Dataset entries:
Content starts

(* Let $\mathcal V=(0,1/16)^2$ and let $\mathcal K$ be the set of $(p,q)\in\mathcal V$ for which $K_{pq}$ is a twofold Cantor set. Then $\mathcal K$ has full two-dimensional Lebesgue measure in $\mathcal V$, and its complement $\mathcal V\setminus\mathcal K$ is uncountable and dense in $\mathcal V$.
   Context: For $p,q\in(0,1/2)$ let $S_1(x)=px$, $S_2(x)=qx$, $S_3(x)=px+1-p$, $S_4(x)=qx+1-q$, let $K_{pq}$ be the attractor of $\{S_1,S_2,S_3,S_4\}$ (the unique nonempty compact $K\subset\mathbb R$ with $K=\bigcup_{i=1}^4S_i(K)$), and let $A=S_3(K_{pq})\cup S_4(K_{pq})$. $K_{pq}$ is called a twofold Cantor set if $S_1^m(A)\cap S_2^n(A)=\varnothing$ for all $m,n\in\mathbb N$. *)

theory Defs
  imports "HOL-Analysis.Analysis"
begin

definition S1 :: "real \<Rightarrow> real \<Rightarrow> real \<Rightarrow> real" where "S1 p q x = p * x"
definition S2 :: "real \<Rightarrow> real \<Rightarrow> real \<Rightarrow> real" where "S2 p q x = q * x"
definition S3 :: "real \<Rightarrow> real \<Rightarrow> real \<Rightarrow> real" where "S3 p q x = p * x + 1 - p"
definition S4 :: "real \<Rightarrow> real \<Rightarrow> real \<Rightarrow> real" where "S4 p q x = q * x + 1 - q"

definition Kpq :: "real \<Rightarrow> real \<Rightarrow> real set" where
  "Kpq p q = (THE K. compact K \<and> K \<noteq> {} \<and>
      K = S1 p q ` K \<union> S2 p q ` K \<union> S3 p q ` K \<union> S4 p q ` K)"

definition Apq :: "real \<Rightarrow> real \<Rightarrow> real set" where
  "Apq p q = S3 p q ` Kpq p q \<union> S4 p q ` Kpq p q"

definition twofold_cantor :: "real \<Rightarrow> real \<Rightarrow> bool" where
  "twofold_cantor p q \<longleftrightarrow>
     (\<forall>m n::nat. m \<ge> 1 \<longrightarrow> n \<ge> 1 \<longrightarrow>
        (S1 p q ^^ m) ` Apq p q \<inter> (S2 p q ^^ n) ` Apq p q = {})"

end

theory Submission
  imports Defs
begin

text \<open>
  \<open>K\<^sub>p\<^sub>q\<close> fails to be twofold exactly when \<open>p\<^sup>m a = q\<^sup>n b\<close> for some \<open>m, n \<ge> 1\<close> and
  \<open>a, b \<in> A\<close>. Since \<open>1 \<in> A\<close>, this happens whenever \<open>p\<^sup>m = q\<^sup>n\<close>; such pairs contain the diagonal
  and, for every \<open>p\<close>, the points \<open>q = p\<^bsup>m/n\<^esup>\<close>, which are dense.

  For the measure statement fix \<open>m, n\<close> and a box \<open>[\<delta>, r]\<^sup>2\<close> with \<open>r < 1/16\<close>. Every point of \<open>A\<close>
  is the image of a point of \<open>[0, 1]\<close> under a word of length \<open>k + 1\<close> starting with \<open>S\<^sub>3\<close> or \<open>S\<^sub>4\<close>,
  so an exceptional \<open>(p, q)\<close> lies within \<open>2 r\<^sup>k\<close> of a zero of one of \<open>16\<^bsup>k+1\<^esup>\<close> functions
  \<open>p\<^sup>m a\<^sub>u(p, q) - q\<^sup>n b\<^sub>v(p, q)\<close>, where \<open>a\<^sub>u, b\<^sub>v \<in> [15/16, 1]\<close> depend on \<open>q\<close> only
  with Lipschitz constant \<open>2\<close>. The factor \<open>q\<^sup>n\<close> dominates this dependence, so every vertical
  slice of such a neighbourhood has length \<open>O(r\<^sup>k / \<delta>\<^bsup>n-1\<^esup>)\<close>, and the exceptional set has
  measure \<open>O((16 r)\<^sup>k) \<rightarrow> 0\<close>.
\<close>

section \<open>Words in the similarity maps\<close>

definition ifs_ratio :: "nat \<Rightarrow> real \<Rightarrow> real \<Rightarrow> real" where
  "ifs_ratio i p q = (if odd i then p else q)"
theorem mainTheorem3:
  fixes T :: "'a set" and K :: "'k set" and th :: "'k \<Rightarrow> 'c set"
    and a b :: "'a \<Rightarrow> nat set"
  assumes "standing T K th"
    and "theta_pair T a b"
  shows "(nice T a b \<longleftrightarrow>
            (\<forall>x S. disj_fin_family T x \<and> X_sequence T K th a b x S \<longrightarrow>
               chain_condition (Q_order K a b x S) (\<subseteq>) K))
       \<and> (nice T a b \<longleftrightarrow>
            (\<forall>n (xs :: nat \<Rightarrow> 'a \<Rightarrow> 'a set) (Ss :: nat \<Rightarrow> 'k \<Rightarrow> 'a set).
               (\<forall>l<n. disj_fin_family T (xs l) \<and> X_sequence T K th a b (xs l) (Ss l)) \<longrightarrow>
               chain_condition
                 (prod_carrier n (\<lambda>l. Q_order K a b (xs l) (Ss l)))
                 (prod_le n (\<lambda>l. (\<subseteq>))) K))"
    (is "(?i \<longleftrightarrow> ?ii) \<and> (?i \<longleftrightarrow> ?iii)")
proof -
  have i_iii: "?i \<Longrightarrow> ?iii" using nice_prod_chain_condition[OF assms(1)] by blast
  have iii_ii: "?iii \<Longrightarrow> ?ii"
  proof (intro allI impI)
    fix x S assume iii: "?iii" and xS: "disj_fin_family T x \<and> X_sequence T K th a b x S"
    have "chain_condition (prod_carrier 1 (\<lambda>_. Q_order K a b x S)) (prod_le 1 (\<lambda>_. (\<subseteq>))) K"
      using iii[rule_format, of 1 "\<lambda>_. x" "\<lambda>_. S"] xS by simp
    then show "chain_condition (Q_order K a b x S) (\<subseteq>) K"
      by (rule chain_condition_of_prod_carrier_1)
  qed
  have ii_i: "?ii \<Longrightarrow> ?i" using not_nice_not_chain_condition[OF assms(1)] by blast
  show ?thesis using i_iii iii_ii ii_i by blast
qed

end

Content ends

### ABOUT THIS TASK
Respond with the number of lines in the entries that include the string "where", and nothing besides.

### EXERCISE RESULT
9